Supplied records:
definition has_copula_density :: "('d \<Rightarrow> real measure) \<Rightarrow> (real^'d \<Rightarrow> real) \<Rightarrow> (real^'d) measure \<Rightarrow> bool"
  where "has_copula_density P c M \<longleftrightarrow> prob_space M \<and> sets M = sets borel \<and>
    set_integrable lborel (box 0 One) c \<and> (\<forall>u\<in>cbox 0 One. 0 \<le> c u) \<and>
    (\<forall>x. (c has_integral cdf_vec M x) (cbox 0 (\<chi> j. cdf (P j) (x $ j))))"

lemma has_copula_densityI:
  fixes P :: "'d::finite \<Rightarrow> real measure"
  assumes marginals: "\<And>j. real_distribution (P j)"
    and M: "prob_space M" "sets M = sets borel" "\<forall>x. cdf_vec M x = C (\<chi> j. cdf (P j) (x $ j))"
    and c: "\<forall>u\<in>cbox 0 One. 0 \<le> c u \<and> (c has_integral C u) (cbox 0 u)"
    and c_cont: "continuous_on (cbox 0 One) c"
  shows "has_copula_density P c M"
proof -
  have "set_integrable lborel (cbox 0 One) c"
    unfolding set_integrable_def by (rule borel_integrable_compact[OF compact_cbox c_cont])
  then have "set_integrable lborel (box 0 One) c"
    by (rule set_integrable_subset) (auto simp: box_subset_cbox)
  then show ?thesis
    using M c marginal_cdfs_mem_unit_cube[of P, OF marginals] by (simp add: has_copula_density_def)
qed

text \<open>Both measures are determined by their values on lower orthants \<open>{..x}\<close>, and on the open cube
  the preimage of \<open>{..x}\<close> under the quantile map is the orthant \<open>{..(F\<^sub>1(x\<^sub>1), \<dots>, F\<^sub>d(x\<^sub>d))}\<close>.\<close>

lemma distr_quantile_map_copula_density:
  fixes P :: "'d::finite \<Rightarrow> real measure"
  assumes marginals: "\<And>j. real_distribution (P j)" and M: "has_copula_density P c M"
  shows "M = distr (density lborel (\<lambda>u. indicator (box 0 One) u * c u)) borel (quantile_map P)"
proof (rule measure_eqI_atMost)
  interpret prob_space M
    using M by (simp add: has_copula_density_def)
  let ?\<nu> = "density lborel (\<lambda>u. indicator (box 0 One) u * c u)"
  fix x :: "real^'d"
  define v where "v = (\<chi> j. cdf (P j) (x $ j))"
  have v: "v \<in> cbox 0 One"
    unfolding v_def by (rule marginal_cdfs_mem_unit_cube[of P, OF marginals])
  have T: "quantile_map P \<in> borel_measurable borel"
    by (rule borel_measurable_quantile_map[of P, OF marginals])
  have "emeasure M {..x} = ennreal (cdf_vec M x)"
    by (simp add: emeasure_eq_measure cdf_vec_def less_eq_vec_def atMost_def)
  also have "\<dots> = (\<integral>\<^sup>+u. ennreal (c u) * indicator (box 0 One \<inter> {..v}) u \<partial>lborel)"
    using M v box_subset_cbox[of 0 One] unfolding has_copula_density_def v_def
    by (intro nn_integral_has_integral_lebesgue'[symmetric] has_integral_box_Int_atMost) auto
  also have "\<dots> =
      (\<integral>\<^sup>+u. ennreal (indicator (box 0 One) u * c u) * indicator (quantile_map P -` {..x}) u \<partial>lborel)"
    using quantile_map_le_iff[of P, OF marginals] by (intro nn_integral_cong) (auto simp: v_def indicator_def)
  also have "\<dots> = emeasure ?\<nu> (quantile_map P -` {..x})"
    using M measurable_sets_borel[OF T, of "{..x}"] unfolding has_copula_density_def set_integrable_def
    by (intro emeasure_density[symmetric]) (auto dest: borel_measurable_integrable)
  also have "\<dots> = emeasure (distr ?\<nu> borel (quantile_map P)) {..x}"
    using T by (simp add: emeasure_distr)
  finally show "emeasure M {..x} = emeasure (distr ?\<nu> borel (quantile_map P)) {..x}" .
  show "emeasure M {..x} < \<infinity>"
    by (simp add: emeasure_eq_measure)
qed (use M in \<open>simp_all add: has_copula_density_def\<close>)

lemma push_cdf_copula_density:
  fixes P :: "'d::finite \<Rightarrow> real measure"
  assumes marginals: "\<And>j. real_distribution (P j)" and M: "has_copula_density P c M"
    and \<eta>: "\<eta> \<in> borel_measurable borel"
  shows "push_cdf M \<eta> y =
    measure (density lborel (\<lambda>u. indicator (box 0 One) u * c u)) (quantile_map P -` {x. \<eta> x \<le> y})"
proof -
  have "push_cdf M \<eta> y =
      measure (distr (density lborel (\<lambda>u. indicator (box 0 One) u * c u)) borel (quantile_map P))
        {x. \<eta> x \<le> y}"
    by (subst distr_quantile_map_copula_density[OF marginals M]) (simp add: push_cdf_def)
  also have "\<dots> =
      measure (density lborel (\<lambda>u. indicator (box 0 One) u * c u)) (quantile_map P -` {x. \<eta> x \<le> y})"
    by (subst measure_distr) (use borel_measurable_quantile_map[of P, OF marginals] \<eta> in auto)
  finally show ?thesis .
qed

lemma push_cdf_copula_density_diff_le:
  fixes P :: "'d::finite \<Rightarrow> real measure"
  assumes marginals: "\<And>j. real_distribution (P j)"
    and M: "has_copula_density P c M" and N: "has_copula_density P c' N"
    and close: "\<And>u. u \<in> box 0 One \<Longrightarrow> \<bar>c u - c' u\<bar> \<le> e"
    and \<eta>: "\<eta> \<in> borel_measurable borel"
  shows "\<bar>push_cdf M \<eta> y - push_cdf N \<eta> y\<bar> \<le> e"
proof -
  have c: "set_integrable lborel (box 0 One) c" "\<And>u. u \<in> box 0 One \<Longrightarrow> 0 \<le> c u"
    and c': "set_integrable lborel (box 0 One) c'" "\<And>u. u \<in> box 0 One \<Longrightarrow> 0 \<le> c' u"
    using M N box_subset_cbox[of 0 One] by (auto simp: has_copula_density_def)
  have B: "quantile_map P -` {x. \<eta> x \<le> y} \<in> sets lborel"
    unfolding sets_lborel using \<eta>
    by (intro measurable_sets_borel[OF borel_measurable_quantile_map[of P, OF marginals]]) measurable
  have "\<bar>push_cdf M \<eta> y - push_cdf N \<eta> y\<bar> \<le> e * measure lborel (box 0 (One::real^'d))"
    unfolding push_cdf_copula_density[OF marginals M \<eta>] push_cdf_copula_density[OF marginals N \<eta>]
    by (rule measure_density_indicator_diff_le[OF c c' _ _ close B]) auto
  also have "e * measure lborel (box 0 (One::real^'d)) = e"
    by (simp add: measure_lborel_box_eq inner_sum_left inner_Basis)
  finally show ?thesis .
qed

section \<open>Continuity of quantiles\<close>

lemma push_cdf_eq_cdf_distr:
  assumes "prob_space M" "sets M = sets borel" "\<eta> \<in> borel_measurable borel"
  shows "real_distribution (distr M borel \<eta>)" "push_cdf M \<eta> = cdf (distr M borel \<eta>)"
proof -
  have \<eta>: "\<eta> \<in> borel_measurable M"
    using assms(2,3) measurable_cong_sets by blast
  then show "real_distribution (distr M borel \<eta>)"
    by (rule prob_space.real_distribution_distr[OF assms(1)])
  have "space M = UNIV"
    using sets_eq_imp_space_eq[OF assms(2)] by simp
  with \<eta> show "push_cdf M \<eta> = cdf (distr M borel \<eta>)"
    by (simp add: fun_eq_iff push_cdf_def cdf_def measure_distr vimage_def)
qed

lemma eventually_push_cdf_copula_density_close:
  fixes P :: "'d::finite \<Rightarrow> real measure" and c :: "'a::topological_space \<Rightarrow> real^'d \<Rightarrow> real"
  assumes marginals: "\<And>j. real_distribution (P j)"
    and M: "\<And>\<theta>. \<theta> \<in> \<Theta> \<Longrightarrow> has_copula_density P (c \<theta>) (M \<theta>)"
    and c_cont: "continuous_on (\<Theta> \<times> cbox 0 One) (\<lambda>(\<theta>, u). c \<theta> u)"
    and \<eta>: "\<eta> \<in> borel_measurable borel"
    and \<theta>: "\<theta> \<in> \<Theta>" and "0 < e"
  shows "\<forall>\<^sub>F \<theta>' in at \<theta> within \<Theta>. \<forall>y. \<bar>push_cdf (M \<theta>') \<eta> y - push_cdf (M \<theta>) \<eta> y\<bar> < e"
proof -
  obtain X where "\<theta> \<in> X" "open X"
    and X: "\<forall>\<theta>'\<in>X \<inter> \<Theta>. \<forall>u\<in>cbox 0 One. dist (c \<theta>' u) (c \<theta> u) \<le> e / 2"
    using continuous_on_prod_compactE[OF c_cont compact_cbox \<theta>, of "e / 2"] \<open>0 < e\<close> by auto
  then have "\<forall>\<^sub>F \<theta>' in at \<theta> within \<Theta>. \<theta>' \<in> X \<inter> \<Theta>"
    unfolding eventually_at_topological by blast
  then show ?thesis
  proof (rule eventually_mono, intro allI)
    fix \<theta>' y assume \<theta>': "\<theta>' \<in> X \<inter> \<Theta>"
    have "\<bar>c \<theta>' u - c \<theta> u\<bar> \<le> e / 2" if "u \<in> box 0 One" for u
      using X \<theta>' subsetD[OF box_subset_cbox that] by (simp add: dist_real_def)
    then have "\<bar>push_cdf (M \<theta>') \<eta> y - push_cdf (M \<theta>) \<eta> y\<bar> \<le> e / 2"
      using \<theta>' by (intro push_cdf_copula_density_diff_le[OF marginals M M _ \<eta>] \<theta>) auto
    then show "\<bar>push_cdf (M \<theta>') \<eta> y - push_cdf (M \<theta>) \<eta> y\<bar> < e"
      using \<open>0 < e\<close> by linarith
  qed
qed

lemma continuous_on_gen_inv:
  fixes G :: "'a::topological_space \<Rightarrow> real \<Rightarrow> real"
  assumes distr: "\<And>\<theta>. \<theta> \<in> \<Theta> \<Longrightarrow> real_distribution (D \<theta>)"
    and G: "\<And>\<theta>. \<theta> \<in> \<Theta> \<Longrightarrow> G \<theta> = cdf (D \<theta>)"
    and cont: "\<And>\<theta>. \<theta> \<in> \<Theta> \<Longrightarrow> continuous_on UNIV (G \<theta>)"
    and mono: "\<And>\<theta>. \<theta> \<in> \<Theta> \<Longrightarrow> strict_mono (G \<theta>)"
    and close: "\<And>\<theta> e. \<theta> \<in> \<Theta> \<Longrightarrow> 0 < e \<Longrightarrow> \<forall>\<^sub>F \<theta>' in at \<theta> within \<Theta>. \<forall>t. \<bar>G \<theta>' t - G \<theta> t\<bar> < e"
    and \<alpha>: "0 < \<alpha>" "\<alpha> < 1"
  shows "continuous_on \<Theta> (\<lambda>\<theta>. gen_inv (G \<theta>) \<alpha>)"
  unfolding continuous_on_def
proof (intro ballI tendstoI)
  fix \<theta> and e :: real assume \<theta>: "\<theta> \<in> \<Theta>" and "0 < e"
  define y where "y = gen_inv (G \<theta>) \<alpha>"
  have "G \<theta> y = \<alpha>"
    using cdf_gen_inv_cdf[OF distr[OF \<theta>] \<alpha>] cont[OF \<theta>]
    by (simp add: y_def G[OF \<theta>] continuous_on_eq_continuous_at)
  moreover have "G \<theta> (y - e / 2) < G \<theta> y" "G \<theta> y < G \<theta> (y + e / 2)"
    using mono[OF \<theta>] \<open>0 < e\<close> by (simp_all add: strict_mono_less)
  ultimately have gaps: "G \<theta> (y - e / 2) < \<alpha>" "\<alpha> < G \<theta> (y + e / 2)"
    by simp_all
  define \<kappa> where "\<kappa> = min (G \<theta> (y + e / 2) - \<alpha>) (\<alpha> - G \<theta> (y - e / 2))"
  have "0 < \<kappa>"
    using gaps by (simp add: \<kappa>_def)
  then have "\<forall>\<^sub>F \<theta>' in at \<theta> within \<Theta>. \<forall>t. \<bar>G \<theta>' t - G \<theta> t\<bar> < \<kappa>"
    by (rule close[OF \<theta>])
  moreover have "\<forall>\<^sub>F \<theta>' in at \<theta> within \<Theta>. \<theta>' \<in> \<Theta>"
    by (simp add: eventually_at_filter)
  ultimately show "\<forall>\<^sub>F \<theta>' in at \<theta> within \<Theta>. dist (gen_inv (G \<theta>') \<alpha>) (gen_inv (G \<theta>) \<alpha>) < e"
  proof eventually_elim
    case (elim \<theta>')
    have "\<kappa> \<le> G \<theta> (y + e / 2) - \<alpha>" "\<kappa> \<le> \<alpha> - G \<theta> (y - e / 2)"
      by (simp_all add: \<kappa>_def)
    moreover have "\<bar>G \<theta>' (y + e / 2) - G \<theta> (y + e / 2)\<bar> < \<kappa>" "\<bar>G \<theta>' (y - e / 2) - G \<theta> (y - e / 2)\<bar> < \<kappa>"
      using elim(1) by blast+
    ultimately have "\<alpha> \<le> G \<theta>' (y + e / 2)" "\<not> \<alpha> \<le> G \<theta>' (y - e / 2)"
      by (simp_all add: abs_less_iff)
    then have "gen_inv (G \<theta>') \<alpha> \<le> y + e / 2" "\<not> gen_inv (G \<theta>') \<alpha> \<le> y - e / 2"
      using gen_inv_cdf_le_iff[OF distr[OF elim(2)] \<alpha>] by (simp_all add: G[OF elim(2)])
    then show ?case
      using \<open>0 < e\<close> by (simp add: y_def dist_real_def abs_less_iff)
  qed
qed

Exercise aim:
Print only what lies in the material above starting at the line with "by (simp add: eventually_at_filter)" and ending at the line with "using elim(1) by blast+", every line exactly as given.

Result of this task:
    by (simp add: eventually_at_filter)
  ultimately show "\<forall>\<^sub>F \<theta>' in at \<theta> within \<Theta>. dist (gen_inv (G \<theta>') \<alpha>) (gen_inv (G \<theta>) \<alpha>) < e"
  proof eventually_elim
    case (elim \<theta>')
    have "\<kappa> \<le> G \<theta> (y + e / 2) - \<alpha>" "\<kappa> \<le> \<alpha> - G \<theta> (y - e / 2)"
      by (simp_all add: \<kappa>_def)
    moreover have "\<bar>G \<theta>' (y + e / 2) - G \<theta> (y + e / 2)\<bar> < \<kappa>" "\<bar>G \<theta>' (y - e / 2) - G \<theta> (y - e / 2)\<bar> < \<kappa>"
      using elim(1) by blast+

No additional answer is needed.